Glenn Kennyrogerebert.com

“The first rule of Fist Fight should be that we don’t talk about Fist Fight. The second rule of Fist Fight is that when all else fails – and believe me, it does – throw in another penis joke. A stunningly unnecessary comedy, Fist Fight perpetuates unoriginal characters, a preposterous premise and a half-hearted stand-up-for-yourself message.”

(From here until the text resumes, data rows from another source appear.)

(* For integers $r\ge 3$ and $n \ge \frac{(r-1)(2r+1)}{2}$, $$\mathrm{co}^{+}\mathrm{ex}(n,\mathrm{T}_r)=\left\lfloor \frac{n}{r}\right\rfloor,$$ where $\mathrm{co}^{+}\mathrm{ex}(n,\mathrm{T}_r)$ is the maximum of $\delta_{r-1}^{+}(\mathcal{H})$ over all $n$-vertex $\mathrm{T}_r$-free $r$-graphs $\mathcal{H}$.
   Context: An $r$-graph $\mathcal{H}$ is a collection of $r$-subsets (edges) of a finite vertex set $V(\mathcal{H})$. The shadow is $\partial\mathcal{H}=\{e\in\binom{V(\mathcal{H})}{r-1}\colon e\subseteq E \text{ for some } E\in\mathcal{H}\}$. For $e\in\partial\mathcal{H}$, $N_{\mathcal{H}}(e)=\{v\in V(\mathcal{H})\colon e\cup\{v\}\in\mathcal{H}\}$. The minimum positive codegree is $\delta_{r-1}^{+}(\mathcal{H})=\min\{|N_{\mathcal{H}}(e)|\colon e\in\partial\mathcal{H}\}$ (for the empty $r$-graph take this to be $0$). The $r$-uniform generalized triangle is $\mathrm{T}_r=\{\{1,\ldots,r-1,r\},\{1,\ldots,r-1,r+1\},\{r,r+1,\ldots,2r-1\}\}$; $\mathcal{H}$ is $\mathrm{T}_r$-free if it contains no subhypergraph isomorphic to $\mathrm{T}_r$. *)

theory Defs
  imports Main
begin

definition is_rgraph :: "nat \<Rightarrow> 'a set \<Rightarrow> 'a set set \<Rightarrow> bool" where
  "is_rgraph r V H \<longleftrightarrow> (\<forall>E\<in>H. E \<subseteq> V \<and> card E = r)"

definition shadow :: "nat \<Rightarrow> 'a set set \<Rightarrow> 'a set set" where
  "shadow r H = {e. card e = r - 1 \<and> (\<exists>E\<in>H. e \<subseteq> E)}"

definition nbhd :: "'a set \<Rightarrow> 'a set set \<Rightarrow> 'a set \<Rightarrow> 'a set" where
  "nbhd V H e = {v\<in>V. insert v e \<in> H}"

definition min_pos_codeg :: "nat \<Rightarrow> 'a set \<Rightarrow> 'a set set \<Rightarrow> nat" where
  "min_pos_codeg r V H =
     (if H = {} then 0 else Min ((\<lambda>e. card (nbhd V H e)) ` shadow r H))"

definition gen_triangle :: "nat \<Rightarrow> nat set set" where
  "gen_triangle r = {{1..r}, {1..<r} \<union> {r+1}, {r..2*r-1}}"

definition contains_copy :: "nat set set \<Rightarrow> 'a set set \<Rightarrow> bool" where
  "contains_copy F H \<longleftrightarrow>
     (\<exists>f. inj_on f (\<Union>F) \<and> (\<forall>E\<in>F. f ` E \<in> H))"

definition T_free :: "nat \<Rightarrow> 'a set set \<Rightarrow> bool" where
  "T_free r H \<longleftrightarrow> \<not> contains_copy (gen_triangle r) H"

text \<open>co^+ex(n, T_r): max of min positive codegree over n-vertex T_r-free r-graphs,
  vertex set taken as {0..<n} (all n-vertex r-graphs are isomorphic to one on this set).\<close>
definition coplus_ex_T :: "nat \<Rightarrow> nat \<Rightarrow> nat" where
  "coplus_ex_T n r =
     Max {min_pos_codeg r {0..<n} H | H. is_rgraph r {0..<n} H \<and> T_free r H}"

end

theory Submission
  imports Defs
begin

text \<open>
  Let \<open>d\<close> be the minimum positive codegree of a \<open>T\<^sub>r\<close>-free \<open>r\<close>-graph on \<open>n\<close>
  vertices. If \<open>d \<ge> r\<close>, then for every edge \<open>E\<close> the neighbourhoods of the \<open>r\<close> sets
  \<open>E - {v}\<close> are pairwise disjoint, so \<open>r d \<le> n\<close>. Indeed, a common vertex \<open>u\<close> of the
  neighbourhoods of \<open>A = E - {v}\<close> and \<open>E - {w}\<close> yields the edges \<open>A + v\<close>, \<open>A + u\<close> and an
  edge through \<open>v\<close> and \<open>u\<close>; as every codegree exceeds \<open>|A|\<close>, the vertices of \<open>A\<close> can be
  swapped out of the latter edge one at a time, giving an edge through \<open>v, u\<close> disjoint from
  \<open>A\<close>, i.e. a copy of \<open>T\<^sub>r\<close>. If \<open>d < r\<close>, then \<open>d \<le> r - 1 \<le> n div r\<close> by the bound on \<open>n\<close>.

  The complete \<open>r\<close>-partite \<open>r\<close>-graph with parts of size \<open>n div r\<close> has every
  positive codegree at least \<open>n div r\<close>, and it is \<open>T\<^sub>r\<close>-free: two edges through the same
  \<open>(r-1)\<close>-set \<open>A\<close> put their other vertices in the one part \<open>A\<close> misses, so no edge contains both.
\<close>

lemma finite_shadow:
  assumes "is_rgraph r V H" and "finite V"
  shows "finite (shadow r H)"
proof -
  have "shadow r H \<subseteq> Pow V"
    using assms(1) unfolding shadow_def is_rgraph_def by blast
  then show ?thesis
    using assms(2) by (simp add: finite_subset)
qed

lemma edge_minus_vertex_in_shadow:
  assumes "is_rgraph r V H" and "E \<in> H" and "v \<in> E"
  shows "E - {v} \<in> shadow r H"
  using assms unfolding shadow_def is_rgraph_def by (auto simp: card_Diff_singleton_if)

lemma min_pos_codeg_le:
  assumes "is_rgraph r V H" and "finite V" and "D \<in> shadow r H"
  shows "min_pos_codeg r V H \<le> card (nbhd V H D)"
proof -
  have "H \<noteq> {}"
    using assms(3) unfolding shadow_def by blast
  then show ?thesis
    using assms finite_shadow[OF assms(1,2)] unfolding min_pos_codeg_def by simp
qed

lemma le_min_pos_codeg:
  assumes "is_rgraph r V H" and "finite V" and "H \<noteq> {}" and "r > 0"
    and "\<And>D. D \<in> shadow r H \<Longrightarrow> m \<le> card (nbhd V H D)"
  shows "m \<le> min_pos_codeg r V H"
proof -
  obtain E where "E \<in> H"
    using assms(3) by blast
  moreover have "E \<noteq> {}"
    using assms(1,4) \<open>E \<in> H\<close> unfolding is_rgraph_def by auto
  ultimately have "shadow r H \<noteq> {}"
    using edge_minus_vertex_in_shadow[OF assms(1)] by blast
  then show ?thesis
    using assms finite_shadow[OF assms(1,2)] unfolding min_pos_codeg_def by simp
qed

lemma exists_edge_avoiding:
  assumes H: "is_rgraph r V H" and "finite A"
    and codeg: "\<And>D. D \<in> shadow r H \<Longrightarrow> card A < card (nbhd V H D)"
    and "F \<in> H" and "P \<subseteq> F" and "P \<inter> A = {}"
  shows "\<exists>F'\<in>H. P \<subseteq> F' \<and> F' \<inter> A = {}"
  using assms(4-)
proof (induction "card (F \<inter> A)" arbitrary: F)
  case 0
  then show ?case
    using \<open>finite A\<close> by auto
next
  case (Suc k)
  then obtain z where z: "z \<in> F \<inter> A"
    by (metis card.empty ex_in_conv nat.distinct(1))
  define D where "D = F - {z}"
  have "D \<in> shadow r H"
    unfolding D_def using edge_minus_vertex_in_shadow[OF H \<open>F \<in> H\<close>] z by blast
  then have "\<not> nbhd V H D \<subseteq> A"
    using codeg card_mono[OF \<open>finite A\<close>] by (meson leD)
  then obtain y where y: "y \<in> nbhd V H D" "y \<notin> A"
    by blast
  have "insert y D \<inter> A = (F \<inter> A) - {z}"
    using y(2) unfolding D_def by auto
  then have "k = card (insert y D \<inter> A)"
    using Suc.hyps(2) z \<open>finite A\<close> by simp
  moreover have "insert y D \<in> H" "P \<subseteq> insert y D"
    using y(1) Suc.prems z unfolding nbhd_def D_def by auto
  ultimately show ?case
    using Suc.hyps(1) Suc.prems(3) by blast
qed

lemma Union_gen_triangle: "r \<ge> 2 \<Longrightarrow> \<Union> (gen_triangle r) = {1..2*r-1}"
  unfolding gen_triangle_def by auto

lemma contains_gen_triangleE:
  assumes "contains_copy (gen_triangle r) H" and "r \<ge> 2"
  obtains A a b F where "finite A" "card A = r - 1" "a \<notin> A" "b \<notin> A" "a \<noteq> b"
    "insert a A \<in> H" "insert b A \<in> H" "F \<in> H" "a \<in> F" "b \<in> F" "F \<inter> A = {}"
proof -
  obtain f where inj: "inj_on f {1..2*r-1}" and edges: "\<forall>E\<in>gen_triangle r. f ` E \<in> H"
    using assms Union_gen_triangle unfolding contains_copy_def by metis
  define A where "A = f ` {1..<r}"
  have "{1..r} = insert r {1..<r}"
    using \<open>r \<ge> 2\<close> by auto
  then have "f ` {1..r} = insert (f r) A" "f ` ({1..<r} \<union> {r+1}) = insert (f (r+1)) A"
    unfolding A_def by auto
  then have "insert (f r) A \<in> H" "insert (f (r+1)) A \<in> H" "f ` {r..2*r-1} \<in> H"
    using edges unfolding gen_triangle_def by auto
  moreover have "inj_on f {1..<r}"
    using inj by (rule inj_on_subset) auto
  then have "card A = r - 1"
    unfolding A_def by (simp add: card_image)
  moreover have "f r \<notin> A" "f (r+1) \<notin> A" "f r \<noteq> f (r+1)" "f ` {r..2*r-1} \<inter> A = {}"
    unfolding A_def using \<open>r \<ge> 2\<close> by (auto simp: inj_on_eq_iff[OF inj])
  moreover have "f r \<in> f ` {r..2*r-1}" "f (r+1) \<in> f ` {r..2*r-1}"
    using \<open>r \<ge> 2\<close> by auto
  ultimately show ?thesis
    using that[of A "f r" "f (r+1)"] unfolding A_def by blast
qed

Brad WheelerThe Globe and Mail

“There is an obvious racial dimension to their conflict, though “Fist Fight” tiptoes around it, winking and whispering, with typical big-studio timidity. And it is certainly possible to interpret this movie as yet another fable of a white man’s redemption at the hands (or fists, as the case may be) of a black man… We learn nothing at all about Strickland, except that he is the subject of wild legends among the student body. His job in the movie is to teach Campbell some hard lessons about being a man. All of which is fairly tiresome. But it’s also possible to read “Fist Fight” against the interracial buddy-movie grain, seeing Strickland rather than Campbell as the protagonist, and taking Strickland’s anger as a principled response to circumstances rather than as evidence of a mood disorder. Strickland is an agent not of guilty racial fear but of righteous class consciousness. The lesson he imparts to Campbell is one of public-sector workers’ solidarity. By all evidence, he’s a pretty good teacher, with good reason to stay mad. Which cheered me up, I must say.”